Only the lines with "lambda" in them need to be copied from the listing.

■ **Exercise materials**

------------------------

(* In the setting where $\psi$ is a helicoidal elliptic improper affine map with Weierstrass data $G=ae^z$, $F=-ae^{-z}$ ($a\neq0$), $c\in\mathbb{R}\setminus\{0\}$, $b=\sqrt{1+4a^2c}$, and $\widetilde\psi$ is the improper affine map with Weierstrass data $(G+R,\,F+\tfrac{1}{cR})$ where $R=\frac{e^{z}}{2ac}\frac{1+b+(1-b)ke^{bz}}{1+ke^{bz}}$, $k\in\mathbb{C}$: if $b=n/m\in\mathbb{Q}\setminus\{0,1\}$ with $n/m$ irreducible, then $\widetilde\psi$ is $2m\pi$-periodic in one variable, its singular set is contained in a compact set, and it has $2n$ complete embedded ends of revolution type.
   Context: An elliptic improper affine map on a Riemann surface is an improper affine sphere with affine normal $(0,0,1)$ allowed to have singular points where the affine metric degenerates but the affine conormal is well defined; it is represented by holomorphic Weierstrass data $(G,F)$ via $\psi=(G+\overline F,\ \tfrac12|G|^2-\tfrac12|F|^2+\mathrm{Re}(GF)-2\mathrm{Re}\int F\,dG)$, with affine metric $|dG|^2-|dF|^2$. It is helicoidal if $FG$ is a negative-square constant $-a^2$. An end of revolution type is an end asymptotic to an end of a rotational improper affine map (Weierstrass data $(z,\pm r^2/z)$ on $\mathbb{C}\setminus\{0\}$). *)

theory Defs
  imports "HOL-Analysis.Analysis"
begin

text \<open>Points of R^3 are written as pairs (x, t) with x :: complex the horizontal
  coordinates and t :: real the coordinate in the direction of the affine normal (0,0,1).\<close>

text \<open>The (possibly multivalued) primitive Re (integral F dG) is encoded by a real function h
  whose differential is Re(F dG).\<close>
definition iam_map ::
  "complex set \<Rightarrow> (complex \<Rightarrow> complex) \<Rightarrow> (complex \<Rightarrow> complex) \<Rightarrow> (complex \<Rightarrow> complex \<times> real) \<Rightarrow> bool"
where
  "iam_map U G F \<psi> \<longleftrightarrow> open U \<and> G holomorphic_on U \<and> F holomorphic_on U \<and>
     (\<exists>h :: complex \<Rightarrow> real.
        (\<forall>z\<in>U. (h has_derivative (\<lambda>v. Re (F z * deriv G z * v))) (at z)) \<and>
        (\<forall>z\<in>U. \<psi> z = (G z + cnj (F z),
                         (cmod (G z))\<^sup>2 / 2 - (cmod (F z))\<^sup>2 / 2 + Re (G z * F z) - 2 * h z)))"

text \<open>Singular set: points where the affine metric |dG|^2 - |dF|^2 degenerates.\<close>
definition singular_set ::
  "complex set \<Rightarrow> (complex \<Rightarrow> complex) \<Rightarrow> (complex \<Rightarrow> complex) \<Rightarrow> complex set" where
  "singular_set U G F = {z \<in> U. cmod (deriv G z) = cmod (deriv F z)}"
lemma pochhammer_ratio_tendsto_Gamma:
  fixes \<alpha> \<beta> \<gamma> \<delta> :: complex
  assumes "\<alpha> + \<beta> = \<gamma> + \<delta>"
  shows "(\<lambda>K. pochhammer \<alpha> K * pochhammer \<beta> K / (pochhammer \<gamma> K * pochhammer \<delta> K))
           \<longlonglongrightarrow> rGamma \<alpha> * rGamma \<beta> * Gamma \<gamma> * Gamma \<delta>"
proof -
  have "rGamma_series \<alpha> K * rGamma_series \<beta> K * Gamma_series \<gamma> K * Gamma_series \<delta> K
      = pochhammer \<alpha> (Suc K) * pochhammer \<beta> (Suc K) / (pochhammer \<gamma> (Suc K) * pochhammer \<delta> (Suc K))" for K
  proof -
    define E where "E x = fact K * exp (x * of_real (ln (of_nat K)))" for x :: complex
    have "E \<gamma> * E \<delta> = fact K * fact K * exp ((\<gamma> + \<delta>) * of_real (ln (of_nat K)))"
      unfolding E_def by (simp add: exp_add distrib_right mult_ac)
    also have "\<dots> = E \<alpha> * E \<beta>"
      unfolding assms[symmetric] E_def by (simp add: exp_add distrib_right mult_ac)
    finally have "E \<gamma> * E \<delta> = E \<alpha> * E \<beta>" .
    moreover have "E \<alpha> * E \<beta> \<noteq> 0"
      by (simp add: E_def)
    ultimately have "E \<gamma> * E \<delta> / (E \<alpha> * E \<beta>) = 1"
      by simp
    moreover have "rGamma_series \<alpha> K * rGamma_series \<beta> K * Gamma_series \<gamma> K * Gamma_series \<delta> K
        = pochhammer \<alpha> (Suc K) * pochhammer \<beta> (Suc K) / (pochhammer \<gamma> (Suc K) * pochhammer \<delta> (Suc K))
          * (E \<gamma> * E \<delta> / (E \<alpha> * E \<beta>))"
      unfolding rGamma_series_def Gamma_series_def E_def Suc_eq_plus1
      by (simp only: times_divide_times_eq mult_ac)
    ultimately show ?thesis
      by simp
  qed
  moreover have "(\<lambda>K. rGamma_series \<alpha> K * rGamma_series \<beta> K * Gamma_series \<gamma> K * Gamma_series \<delta> K)
      \<longlonglongrightarrow> rGamma \<alpha> * rGamma \<beta> * Gamma \<gamma> * Gamma \<delta>"
    by (intro tendsto_intros)
  ultimately have "(\<lambda>K. pochhammer \<alpha> (Suc K) * pochhammer \<beta> (Suc K) / (pochhammer \<gamma> (Suc K) * pochhammer \<delta> (Suc K)))
      \<longlonglongrightarrow> rGamma \<alpha> * rGamma \<beta> * Gamma \<gamma> * Gamma \<delta>"
    by (simp only:)
  then show ?thesis
    by (rule LIMSEQ_imp_Suc)
qed

theorem gauss_second_summation:
  assumes b: "b \<notin> \<int>"
  shows "half_hyp a b = Gamma (b/2) * Gamma ((b + 1)/2) * rGamma ((a + b)/2) * rGamma ((1 - a + b)/2)"
proof -
  have b0: "b \<notin> \<int>\<^sub>\<le>\<^sub>0"
    using b nonpos_Ints_subset_Ints by blast
  have half: "(b + of_int k)/2 \<notin> \<int>\<^sub>\<le>\<^sub>0" for k
  proof
    assume "(b + of_int k)/2 \<in> \<int>\<^sub>\<le>\<^sub>0"
    then have "(b + of_int k)/2 \<in> \<int>"
      using nonpos_Ints_subset_Ints by blast
    then have "2 * ((b + of_int k)/2) - of_int k \<in> \<int>"
      by (intro Ints_diff Ints_mult) auto
    moreover have "2 * ((b + of_int k)/2) - of_int k = b"
      by (simp add: field_simps)
    ultimately show False
      using b by (simp only:)
  qed
  define R where "R K = pochhammer ((a + b)/2) K * pochhammer ((1 - a + b)/2) K
                          / (pochhammer (b/2) K * pochhammer ((b + 1)/2) K)" for K
  have "pochhammer (b/2) K * pochhammer ((b + 1)/2) K \<noteq> 0" for K
    using half[of 0] half[of 1] by (auto dest: pochhammer_eq_0_imp_nonpos_Int)
  then have iterate: "R K * half_hyp a (b + 2 * of_nat K) = half_hyp a b" for K
    using half_hyp_iterate[OF b0, of K a] by (simp add: R_def field_simps)
  have "(\<lambda>K. R K * half_hyp a (b + 2 * of_nat K))
      \<longlonglongrightarrow> rGamma ((a + b)/2) * rGamma ((1 - a + b)/2) * Gamma (b/2) * Gamma ((b + 1)/2) * 1"
    unfolding R_def
    by (intro tendsto_intros pochhammer_ratio_tendsto_Gamma half_hyp_tendsto_1) (simp add: field_simps)
  then show ?thesis
    unfolding iterate by (simp add: LIMSEQ_const_iff mult_ac)
qed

------------------------

■ **Response below**
        (\<forall>z\<in>U. (h has_derivative (\<lambda>v. Re (F z * deriv G z * v))) (at z)) \<and>
  shows "(\<lambda>K. pochhammer \<alpha> K * pochhammer \<beta> K / (pochhammer \<gamma> K * pochhammer \<delta> K))
  moreover have "(\<lambda>K. rGamma_series \<alpha> K * rGamma_series \<beta> K * Gamma_series \<gamma> K * Gamma_series \<delta> K)
  ultimately have "(\<lambda>K. pochhammer \<alpha> (Suc K) * pochhammer \<beta> (Suc K) / (pochhammer \<gamma> (Suc K) * pochhammer \<delta> (Suc K)))
  have "(\<lambda>K. R K * half_hyp a (b + 2 * of_nat K))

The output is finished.